* What is needed
Your answer should consist of every line in the records that holds "commutator".

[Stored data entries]
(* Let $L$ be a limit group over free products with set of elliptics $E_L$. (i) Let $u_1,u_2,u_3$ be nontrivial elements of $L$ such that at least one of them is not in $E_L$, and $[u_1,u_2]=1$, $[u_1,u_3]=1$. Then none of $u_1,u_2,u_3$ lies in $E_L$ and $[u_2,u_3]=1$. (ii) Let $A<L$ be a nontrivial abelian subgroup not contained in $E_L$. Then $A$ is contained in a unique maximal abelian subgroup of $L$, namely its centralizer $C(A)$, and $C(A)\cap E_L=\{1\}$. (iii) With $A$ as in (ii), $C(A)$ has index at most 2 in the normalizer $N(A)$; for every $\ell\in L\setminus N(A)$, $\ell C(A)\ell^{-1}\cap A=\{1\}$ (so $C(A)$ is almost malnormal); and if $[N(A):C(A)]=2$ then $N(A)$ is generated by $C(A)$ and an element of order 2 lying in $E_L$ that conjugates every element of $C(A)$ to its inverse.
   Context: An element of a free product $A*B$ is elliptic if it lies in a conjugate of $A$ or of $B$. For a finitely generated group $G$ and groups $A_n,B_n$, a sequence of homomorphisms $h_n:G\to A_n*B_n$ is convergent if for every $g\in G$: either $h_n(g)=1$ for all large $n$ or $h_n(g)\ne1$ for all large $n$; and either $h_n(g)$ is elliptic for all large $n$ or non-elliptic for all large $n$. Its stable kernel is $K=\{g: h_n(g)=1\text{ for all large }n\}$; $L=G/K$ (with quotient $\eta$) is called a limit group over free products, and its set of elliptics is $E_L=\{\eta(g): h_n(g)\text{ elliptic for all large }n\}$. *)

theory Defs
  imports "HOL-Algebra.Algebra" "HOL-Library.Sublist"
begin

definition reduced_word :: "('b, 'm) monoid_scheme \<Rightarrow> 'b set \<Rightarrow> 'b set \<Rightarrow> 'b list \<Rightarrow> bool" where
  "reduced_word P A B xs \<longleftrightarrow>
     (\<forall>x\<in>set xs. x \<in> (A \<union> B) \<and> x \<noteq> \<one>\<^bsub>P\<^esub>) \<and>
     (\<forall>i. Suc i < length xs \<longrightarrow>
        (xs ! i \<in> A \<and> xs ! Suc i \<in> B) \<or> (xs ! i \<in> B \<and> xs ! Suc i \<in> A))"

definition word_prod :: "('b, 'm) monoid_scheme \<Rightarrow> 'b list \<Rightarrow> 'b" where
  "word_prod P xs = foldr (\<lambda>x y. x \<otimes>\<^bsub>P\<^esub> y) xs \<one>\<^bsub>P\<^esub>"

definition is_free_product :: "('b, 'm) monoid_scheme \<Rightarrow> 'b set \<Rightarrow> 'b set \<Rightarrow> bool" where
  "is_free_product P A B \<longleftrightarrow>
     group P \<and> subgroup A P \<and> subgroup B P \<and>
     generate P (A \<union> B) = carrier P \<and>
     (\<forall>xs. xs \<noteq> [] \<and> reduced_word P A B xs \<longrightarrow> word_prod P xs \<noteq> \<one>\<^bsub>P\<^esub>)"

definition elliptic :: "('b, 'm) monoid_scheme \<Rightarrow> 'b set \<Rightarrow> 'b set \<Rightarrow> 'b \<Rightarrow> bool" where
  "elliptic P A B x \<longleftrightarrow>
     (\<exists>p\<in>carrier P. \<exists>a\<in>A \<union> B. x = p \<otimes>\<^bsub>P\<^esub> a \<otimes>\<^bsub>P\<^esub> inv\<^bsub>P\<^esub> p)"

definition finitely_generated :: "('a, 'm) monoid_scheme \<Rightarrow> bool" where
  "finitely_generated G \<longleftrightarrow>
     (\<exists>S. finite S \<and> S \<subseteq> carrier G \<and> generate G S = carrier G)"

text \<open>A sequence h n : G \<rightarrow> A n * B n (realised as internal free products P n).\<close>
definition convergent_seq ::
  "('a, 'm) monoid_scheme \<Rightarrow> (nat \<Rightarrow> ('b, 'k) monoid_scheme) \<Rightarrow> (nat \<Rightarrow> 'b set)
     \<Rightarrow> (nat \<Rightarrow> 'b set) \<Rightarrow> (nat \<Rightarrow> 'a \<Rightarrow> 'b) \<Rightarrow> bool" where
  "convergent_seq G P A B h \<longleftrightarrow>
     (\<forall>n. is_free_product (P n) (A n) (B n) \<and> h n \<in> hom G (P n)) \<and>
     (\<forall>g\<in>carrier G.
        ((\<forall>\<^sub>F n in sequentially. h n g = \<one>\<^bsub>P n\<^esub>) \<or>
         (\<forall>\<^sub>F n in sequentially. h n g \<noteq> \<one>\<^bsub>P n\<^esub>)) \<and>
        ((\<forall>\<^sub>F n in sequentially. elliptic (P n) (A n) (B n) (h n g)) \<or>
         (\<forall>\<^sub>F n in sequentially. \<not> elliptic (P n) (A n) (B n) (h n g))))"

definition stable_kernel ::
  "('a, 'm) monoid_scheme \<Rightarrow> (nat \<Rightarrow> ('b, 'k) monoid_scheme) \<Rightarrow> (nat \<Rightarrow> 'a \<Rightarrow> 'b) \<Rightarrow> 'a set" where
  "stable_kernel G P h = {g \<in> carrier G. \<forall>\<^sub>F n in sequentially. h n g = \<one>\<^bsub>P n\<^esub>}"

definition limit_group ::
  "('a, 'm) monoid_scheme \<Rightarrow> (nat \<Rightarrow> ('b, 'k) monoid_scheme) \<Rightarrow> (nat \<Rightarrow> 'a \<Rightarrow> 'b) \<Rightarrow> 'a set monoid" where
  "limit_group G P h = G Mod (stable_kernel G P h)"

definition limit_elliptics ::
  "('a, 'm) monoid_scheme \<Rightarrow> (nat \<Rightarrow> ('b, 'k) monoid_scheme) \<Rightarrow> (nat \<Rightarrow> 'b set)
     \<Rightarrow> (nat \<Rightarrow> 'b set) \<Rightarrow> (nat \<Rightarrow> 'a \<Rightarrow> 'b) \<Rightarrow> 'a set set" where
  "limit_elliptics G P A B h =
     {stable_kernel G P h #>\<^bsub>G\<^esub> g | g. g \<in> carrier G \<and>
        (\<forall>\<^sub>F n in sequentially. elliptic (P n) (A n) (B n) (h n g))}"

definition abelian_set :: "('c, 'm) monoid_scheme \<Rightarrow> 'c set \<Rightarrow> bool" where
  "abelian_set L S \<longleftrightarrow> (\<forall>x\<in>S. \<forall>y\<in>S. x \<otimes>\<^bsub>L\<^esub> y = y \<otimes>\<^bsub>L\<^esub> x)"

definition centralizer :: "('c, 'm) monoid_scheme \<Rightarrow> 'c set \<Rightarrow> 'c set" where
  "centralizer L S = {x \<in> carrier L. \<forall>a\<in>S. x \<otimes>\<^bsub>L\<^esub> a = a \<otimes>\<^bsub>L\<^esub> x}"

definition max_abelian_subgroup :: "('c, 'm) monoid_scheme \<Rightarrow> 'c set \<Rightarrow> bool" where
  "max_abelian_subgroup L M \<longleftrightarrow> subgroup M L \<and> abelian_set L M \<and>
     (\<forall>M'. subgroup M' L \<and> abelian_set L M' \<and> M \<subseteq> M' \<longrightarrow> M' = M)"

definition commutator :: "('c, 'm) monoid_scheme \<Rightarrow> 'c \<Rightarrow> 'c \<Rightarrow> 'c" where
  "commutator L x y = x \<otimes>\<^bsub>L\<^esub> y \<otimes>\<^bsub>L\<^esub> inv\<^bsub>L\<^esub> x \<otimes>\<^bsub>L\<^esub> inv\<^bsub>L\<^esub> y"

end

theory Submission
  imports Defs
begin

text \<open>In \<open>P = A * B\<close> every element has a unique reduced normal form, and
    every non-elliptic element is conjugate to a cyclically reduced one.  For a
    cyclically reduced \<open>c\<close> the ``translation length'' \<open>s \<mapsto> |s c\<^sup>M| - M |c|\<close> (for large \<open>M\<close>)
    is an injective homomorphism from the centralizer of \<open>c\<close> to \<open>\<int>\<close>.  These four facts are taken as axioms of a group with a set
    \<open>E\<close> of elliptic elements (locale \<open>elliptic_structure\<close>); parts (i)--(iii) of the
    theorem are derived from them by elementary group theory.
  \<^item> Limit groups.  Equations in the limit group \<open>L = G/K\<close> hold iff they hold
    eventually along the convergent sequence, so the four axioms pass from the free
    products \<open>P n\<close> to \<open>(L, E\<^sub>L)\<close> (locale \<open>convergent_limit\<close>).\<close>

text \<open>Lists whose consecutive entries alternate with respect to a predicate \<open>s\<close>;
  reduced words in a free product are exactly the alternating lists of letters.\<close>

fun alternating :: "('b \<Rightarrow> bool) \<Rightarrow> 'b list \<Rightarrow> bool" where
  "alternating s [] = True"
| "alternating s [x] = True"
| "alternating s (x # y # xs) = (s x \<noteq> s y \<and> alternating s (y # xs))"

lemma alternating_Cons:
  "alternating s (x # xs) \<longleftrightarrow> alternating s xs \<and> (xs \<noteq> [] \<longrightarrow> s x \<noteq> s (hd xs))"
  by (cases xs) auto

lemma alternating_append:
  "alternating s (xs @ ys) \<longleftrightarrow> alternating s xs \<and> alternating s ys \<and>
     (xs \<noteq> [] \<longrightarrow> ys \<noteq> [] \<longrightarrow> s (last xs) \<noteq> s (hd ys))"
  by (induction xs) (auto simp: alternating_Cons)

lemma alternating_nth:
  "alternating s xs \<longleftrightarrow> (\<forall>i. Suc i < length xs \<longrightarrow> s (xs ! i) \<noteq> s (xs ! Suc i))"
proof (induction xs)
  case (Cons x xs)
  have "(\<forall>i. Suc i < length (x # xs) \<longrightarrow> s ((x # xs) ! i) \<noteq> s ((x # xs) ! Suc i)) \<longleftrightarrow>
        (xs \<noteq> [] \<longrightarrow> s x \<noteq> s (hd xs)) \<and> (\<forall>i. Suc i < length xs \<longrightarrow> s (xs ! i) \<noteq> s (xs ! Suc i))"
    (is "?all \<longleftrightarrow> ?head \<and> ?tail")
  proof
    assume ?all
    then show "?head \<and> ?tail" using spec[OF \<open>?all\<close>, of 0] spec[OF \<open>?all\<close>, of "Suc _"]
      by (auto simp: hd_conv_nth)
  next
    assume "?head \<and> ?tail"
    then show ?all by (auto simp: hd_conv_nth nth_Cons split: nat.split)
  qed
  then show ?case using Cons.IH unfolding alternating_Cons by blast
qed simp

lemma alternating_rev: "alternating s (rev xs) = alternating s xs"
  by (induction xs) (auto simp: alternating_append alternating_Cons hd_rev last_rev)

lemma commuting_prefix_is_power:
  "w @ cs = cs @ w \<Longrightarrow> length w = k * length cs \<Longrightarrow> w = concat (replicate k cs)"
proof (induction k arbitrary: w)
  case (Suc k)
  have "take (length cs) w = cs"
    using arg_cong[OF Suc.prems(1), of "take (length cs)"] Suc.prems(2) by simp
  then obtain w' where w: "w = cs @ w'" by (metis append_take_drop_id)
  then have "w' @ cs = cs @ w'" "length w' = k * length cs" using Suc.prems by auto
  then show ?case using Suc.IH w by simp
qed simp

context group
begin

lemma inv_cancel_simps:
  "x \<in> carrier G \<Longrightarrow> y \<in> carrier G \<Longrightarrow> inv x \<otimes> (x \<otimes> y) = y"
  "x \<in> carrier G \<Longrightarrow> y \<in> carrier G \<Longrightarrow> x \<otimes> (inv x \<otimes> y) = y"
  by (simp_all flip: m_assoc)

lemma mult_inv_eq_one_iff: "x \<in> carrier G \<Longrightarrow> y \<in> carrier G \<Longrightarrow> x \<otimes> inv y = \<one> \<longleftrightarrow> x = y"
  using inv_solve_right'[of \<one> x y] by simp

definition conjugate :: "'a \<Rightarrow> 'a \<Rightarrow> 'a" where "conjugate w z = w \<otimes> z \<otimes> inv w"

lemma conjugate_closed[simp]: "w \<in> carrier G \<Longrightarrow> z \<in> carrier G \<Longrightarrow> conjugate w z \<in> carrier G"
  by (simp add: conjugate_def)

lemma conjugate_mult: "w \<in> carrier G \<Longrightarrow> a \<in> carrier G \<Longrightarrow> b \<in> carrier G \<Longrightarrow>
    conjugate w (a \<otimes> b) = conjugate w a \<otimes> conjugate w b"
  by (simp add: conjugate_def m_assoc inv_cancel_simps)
---
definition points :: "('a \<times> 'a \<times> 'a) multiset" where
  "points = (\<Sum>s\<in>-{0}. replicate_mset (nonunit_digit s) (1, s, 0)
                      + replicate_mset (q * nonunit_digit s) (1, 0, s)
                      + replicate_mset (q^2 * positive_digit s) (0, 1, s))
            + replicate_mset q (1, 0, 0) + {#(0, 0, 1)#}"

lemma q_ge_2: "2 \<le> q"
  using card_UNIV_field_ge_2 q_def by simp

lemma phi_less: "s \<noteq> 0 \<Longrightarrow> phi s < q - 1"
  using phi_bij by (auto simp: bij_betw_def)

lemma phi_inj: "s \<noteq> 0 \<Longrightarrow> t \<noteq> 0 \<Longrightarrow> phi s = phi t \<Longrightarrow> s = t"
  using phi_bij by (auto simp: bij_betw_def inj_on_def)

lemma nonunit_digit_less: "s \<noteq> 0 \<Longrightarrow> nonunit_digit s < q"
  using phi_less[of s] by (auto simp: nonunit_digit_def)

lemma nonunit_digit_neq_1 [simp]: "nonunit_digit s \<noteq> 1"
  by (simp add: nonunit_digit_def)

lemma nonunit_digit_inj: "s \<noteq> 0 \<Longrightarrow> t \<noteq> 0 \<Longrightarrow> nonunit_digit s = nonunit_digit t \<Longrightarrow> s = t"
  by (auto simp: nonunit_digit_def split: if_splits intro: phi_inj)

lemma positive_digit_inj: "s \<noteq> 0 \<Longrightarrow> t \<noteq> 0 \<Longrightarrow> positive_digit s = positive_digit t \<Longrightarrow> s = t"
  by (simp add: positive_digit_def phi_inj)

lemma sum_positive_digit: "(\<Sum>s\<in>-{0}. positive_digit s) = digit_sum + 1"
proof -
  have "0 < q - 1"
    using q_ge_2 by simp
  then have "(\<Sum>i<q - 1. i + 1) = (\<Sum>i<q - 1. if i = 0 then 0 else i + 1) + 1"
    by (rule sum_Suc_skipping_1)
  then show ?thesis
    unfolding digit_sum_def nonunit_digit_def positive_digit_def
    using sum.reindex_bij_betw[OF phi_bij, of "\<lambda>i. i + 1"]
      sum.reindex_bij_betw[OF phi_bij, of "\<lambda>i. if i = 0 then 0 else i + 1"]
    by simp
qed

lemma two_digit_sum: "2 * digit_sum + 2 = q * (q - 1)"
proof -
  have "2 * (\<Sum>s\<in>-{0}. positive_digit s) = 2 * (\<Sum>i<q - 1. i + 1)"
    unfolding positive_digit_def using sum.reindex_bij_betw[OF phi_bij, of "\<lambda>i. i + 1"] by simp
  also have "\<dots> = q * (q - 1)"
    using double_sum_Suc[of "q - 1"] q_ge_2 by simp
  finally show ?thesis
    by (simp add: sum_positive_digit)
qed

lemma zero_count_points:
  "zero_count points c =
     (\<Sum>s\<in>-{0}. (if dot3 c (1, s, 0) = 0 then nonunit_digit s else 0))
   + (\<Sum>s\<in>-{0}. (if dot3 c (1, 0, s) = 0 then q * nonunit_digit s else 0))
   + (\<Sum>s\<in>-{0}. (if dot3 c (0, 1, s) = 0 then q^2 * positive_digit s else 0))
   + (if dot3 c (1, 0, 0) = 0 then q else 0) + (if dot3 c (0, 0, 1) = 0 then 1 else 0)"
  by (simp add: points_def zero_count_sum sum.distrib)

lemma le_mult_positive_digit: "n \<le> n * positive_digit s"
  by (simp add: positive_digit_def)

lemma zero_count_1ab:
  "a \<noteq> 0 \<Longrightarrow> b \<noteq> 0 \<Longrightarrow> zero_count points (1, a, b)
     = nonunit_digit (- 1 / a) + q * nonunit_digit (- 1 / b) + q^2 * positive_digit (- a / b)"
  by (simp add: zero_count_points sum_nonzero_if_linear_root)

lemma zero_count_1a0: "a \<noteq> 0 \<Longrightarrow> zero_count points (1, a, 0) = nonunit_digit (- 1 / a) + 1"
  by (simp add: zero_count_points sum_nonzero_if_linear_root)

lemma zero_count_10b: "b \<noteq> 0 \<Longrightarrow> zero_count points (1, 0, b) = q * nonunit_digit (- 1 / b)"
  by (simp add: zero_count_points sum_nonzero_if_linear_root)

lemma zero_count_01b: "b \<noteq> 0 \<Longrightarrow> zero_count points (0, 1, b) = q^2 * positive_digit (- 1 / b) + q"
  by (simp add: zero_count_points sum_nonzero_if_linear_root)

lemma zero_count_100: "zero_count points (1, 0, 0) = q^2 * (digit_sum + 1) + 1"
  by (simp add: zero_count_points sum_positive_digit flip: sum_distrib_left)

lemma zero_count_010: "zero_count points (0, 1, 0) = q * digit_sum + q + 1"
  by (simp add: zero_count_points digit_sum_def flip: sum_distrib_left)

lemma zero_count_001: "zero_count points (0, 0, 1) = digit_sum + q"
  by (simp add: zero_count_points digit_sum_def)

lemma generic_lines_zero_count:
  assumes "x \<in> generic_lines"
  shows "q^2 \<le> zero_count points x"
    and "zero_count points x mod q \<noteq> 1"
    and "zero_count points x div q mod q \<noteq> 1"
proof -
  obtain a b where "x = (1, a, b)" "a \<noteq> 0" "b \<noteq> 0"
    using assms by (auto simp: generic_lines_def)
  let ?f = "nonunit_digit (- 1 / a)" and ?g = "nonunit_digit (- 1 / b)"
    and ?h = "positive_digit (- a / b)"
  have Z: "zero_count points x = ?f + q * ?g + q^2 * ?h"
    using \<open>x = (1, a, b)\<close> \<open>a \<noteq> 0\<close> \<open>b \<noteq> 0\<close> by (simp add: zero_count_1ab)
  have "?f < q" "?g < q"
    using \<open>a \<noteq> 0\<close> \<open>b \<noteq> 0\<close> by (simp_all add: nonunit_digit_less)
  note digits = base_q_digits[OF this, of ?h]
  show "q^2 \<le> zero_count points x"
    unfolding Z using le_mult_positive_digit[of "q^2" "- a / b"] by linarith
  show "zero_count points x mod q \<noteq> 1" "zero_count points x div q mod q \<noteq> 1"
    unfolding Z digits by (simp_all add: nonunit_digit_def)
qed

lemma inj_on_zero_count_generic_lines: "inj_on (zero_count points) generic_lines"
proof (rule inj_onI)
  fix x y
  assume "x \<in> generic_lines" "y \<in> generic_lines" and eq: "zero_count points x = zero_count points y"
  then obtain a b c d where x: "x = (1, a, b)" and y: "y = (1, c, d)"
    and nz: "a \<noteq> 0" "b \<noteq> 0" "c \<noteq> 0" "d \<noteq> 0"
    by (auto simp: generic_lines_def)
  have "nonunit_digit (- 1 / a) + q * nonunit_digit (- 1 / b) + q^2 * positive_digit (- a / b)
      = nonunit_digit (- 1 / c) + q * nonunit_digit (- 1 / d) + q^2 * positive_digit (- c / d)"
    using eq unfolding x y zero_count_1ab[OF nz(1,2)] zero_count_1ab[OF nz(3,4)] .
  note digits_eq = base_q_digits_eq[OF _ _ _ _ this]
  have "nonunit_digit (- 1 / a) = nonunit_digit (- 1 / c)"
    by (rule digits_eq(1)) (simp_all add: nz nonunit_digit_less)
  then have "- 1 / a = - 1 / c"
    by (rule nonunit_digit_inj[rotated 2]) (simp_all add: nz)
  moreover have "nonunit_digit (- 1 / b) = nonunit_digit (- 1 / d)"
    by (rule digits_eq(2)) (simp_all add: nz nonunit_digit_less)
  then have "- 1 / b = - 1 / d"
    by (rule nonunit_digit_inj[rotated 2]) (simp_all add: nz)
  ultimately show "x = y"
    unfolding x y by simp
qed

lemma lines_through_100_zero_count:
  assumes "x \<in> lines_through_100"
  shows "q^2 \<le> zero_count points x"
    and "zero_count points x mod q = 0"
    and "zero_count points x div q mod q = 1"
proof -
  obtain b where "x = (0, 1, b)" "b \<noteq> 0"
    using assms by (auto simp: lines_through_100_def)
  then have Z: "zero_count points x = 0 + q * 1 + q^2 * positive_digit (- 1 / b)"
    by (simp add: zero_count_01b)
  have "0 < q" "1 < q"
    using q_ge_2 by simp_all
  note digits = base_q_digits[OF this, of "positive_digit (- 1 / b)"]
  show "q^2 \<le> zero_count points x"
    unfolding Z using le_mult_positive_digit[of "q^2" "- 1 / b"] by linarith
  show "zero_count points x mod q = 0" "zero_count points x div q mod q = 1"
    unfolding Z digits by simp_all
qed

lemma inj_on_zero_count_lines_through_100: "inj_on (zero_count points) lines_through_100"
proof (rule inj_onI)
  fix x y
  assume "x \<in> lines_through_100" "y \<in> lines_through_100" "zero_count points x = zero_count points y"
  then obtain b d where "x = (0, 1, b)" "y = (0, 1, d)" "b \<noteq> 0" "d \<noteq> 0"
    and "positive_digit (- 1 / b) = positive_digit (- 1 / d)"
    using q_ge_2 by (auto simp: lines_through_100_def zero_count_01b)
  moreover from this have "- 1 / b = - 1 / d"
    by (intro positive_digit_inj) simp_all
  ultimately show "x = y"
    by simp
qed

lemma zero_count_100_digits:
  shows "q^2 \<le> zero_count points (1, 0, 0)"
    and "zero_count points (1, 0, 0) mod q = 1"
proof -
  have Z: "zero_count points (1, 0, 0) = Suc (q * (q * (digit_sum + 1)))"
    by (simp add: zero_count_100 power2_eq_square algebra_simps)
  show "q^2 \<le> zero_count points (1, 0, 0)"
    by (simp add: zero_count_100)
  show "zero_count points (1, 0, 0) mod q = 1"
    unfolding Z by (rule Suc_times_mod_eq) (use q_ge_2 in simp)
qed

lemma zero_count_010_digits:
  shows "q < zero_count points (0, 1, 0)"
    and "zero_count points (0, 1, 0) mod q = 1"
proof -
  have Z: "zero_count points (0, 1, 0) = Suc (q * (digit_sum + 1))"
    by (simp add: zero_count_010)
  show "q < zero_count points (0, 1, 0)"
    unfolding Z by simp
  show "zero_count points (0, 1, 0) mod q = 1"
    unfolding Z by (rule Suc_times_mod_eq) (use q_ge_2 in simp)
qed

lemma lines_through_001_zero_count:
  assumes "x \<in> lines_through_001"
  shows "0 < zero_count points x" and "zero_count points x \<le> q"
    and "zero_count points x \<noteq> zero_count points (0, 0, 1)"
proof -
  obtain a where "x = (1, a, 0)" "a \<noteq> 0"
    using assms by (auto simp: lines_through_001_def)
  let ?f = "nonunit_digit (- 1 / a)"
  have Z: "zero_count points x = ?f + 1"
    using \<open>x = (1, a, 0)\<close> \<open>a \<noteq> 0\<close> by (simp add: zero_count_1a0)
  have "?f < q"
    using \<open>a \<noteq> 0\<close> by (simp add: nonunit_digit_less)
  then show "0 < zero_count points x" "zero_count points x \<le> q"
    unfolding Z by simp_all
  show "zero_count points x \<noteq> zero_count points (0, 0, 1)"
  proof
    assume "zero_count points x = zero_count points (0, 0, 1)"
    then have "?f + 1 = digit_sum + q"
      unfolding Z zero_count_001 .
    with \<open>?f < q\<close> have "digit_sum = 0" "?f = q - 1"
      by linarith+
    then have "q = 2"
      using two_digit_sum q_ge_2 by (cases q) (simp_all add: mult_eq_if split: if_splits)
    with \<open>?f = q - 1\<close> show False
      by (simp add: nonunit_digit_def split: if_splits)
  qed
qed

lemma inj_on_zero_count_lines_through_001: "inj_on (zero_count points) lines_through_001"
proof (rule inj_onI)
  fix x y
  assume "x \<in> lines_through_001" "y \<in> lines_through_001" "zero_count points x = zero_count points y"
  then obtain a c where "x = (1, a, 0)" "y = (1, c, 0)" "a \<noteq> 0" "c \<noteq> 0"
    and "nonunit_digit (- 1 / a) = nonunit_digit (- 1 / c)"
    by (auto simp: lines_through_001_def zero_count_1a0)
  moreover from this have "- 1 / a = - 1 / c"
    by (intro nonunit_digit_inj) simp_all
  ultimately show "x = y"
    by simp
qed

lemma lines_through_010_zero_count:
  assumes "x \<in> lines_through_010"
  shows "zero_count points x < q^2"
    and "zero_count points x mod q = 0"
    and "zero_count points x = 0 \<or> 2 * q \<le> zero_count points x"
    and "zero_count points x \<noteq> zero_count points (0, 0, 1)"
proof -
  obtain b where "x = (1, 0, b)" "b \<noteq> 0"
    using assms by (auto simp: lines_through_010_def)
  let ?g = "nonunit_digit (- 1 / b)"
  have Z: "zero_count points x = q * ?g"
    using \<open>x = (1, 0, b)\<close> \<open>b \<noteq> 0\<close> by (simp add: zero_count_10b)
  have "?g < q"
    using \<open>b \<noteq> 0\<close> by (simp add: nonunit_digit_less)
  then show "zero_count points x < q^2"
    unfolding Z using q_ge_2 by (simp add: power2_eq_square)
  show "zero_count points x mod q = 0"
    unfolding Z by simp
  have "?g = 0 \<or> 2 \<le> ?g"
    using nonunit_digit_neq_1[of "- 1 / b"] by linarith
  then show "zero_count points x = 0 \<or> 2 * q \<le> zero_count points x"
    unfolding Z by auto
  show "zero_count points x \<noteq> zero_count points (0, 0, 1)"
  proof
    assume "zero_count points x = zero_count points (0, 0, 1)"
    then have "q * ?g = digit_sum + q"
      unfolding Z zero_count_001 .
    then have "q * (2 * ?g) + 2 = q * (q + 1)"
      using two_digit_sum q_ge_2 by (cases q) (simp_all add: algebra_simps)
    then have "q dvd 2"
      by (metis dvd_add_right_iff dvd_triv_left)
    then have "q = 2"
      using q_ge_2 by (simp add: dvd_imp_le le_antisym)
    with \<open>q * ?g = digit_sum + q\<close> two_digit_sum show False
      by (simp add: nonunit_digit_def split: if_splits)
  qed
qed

* Your solution
definition commutator :: "('c, 'm) monoid_scheme \<Rightarrow> 'c \<Rightarrow> 'c \<Rightarrow> 'c" where
  "commutator L x y = x \<otimes>\<^bsub>L\<^esub> y \<otimes>\<^bsub>L\<^esub> inv\<^bsub>L\<^esub> x \<otimes>\<^bsub>L\<^esub> inv\<^bsub>L\<^esub> y"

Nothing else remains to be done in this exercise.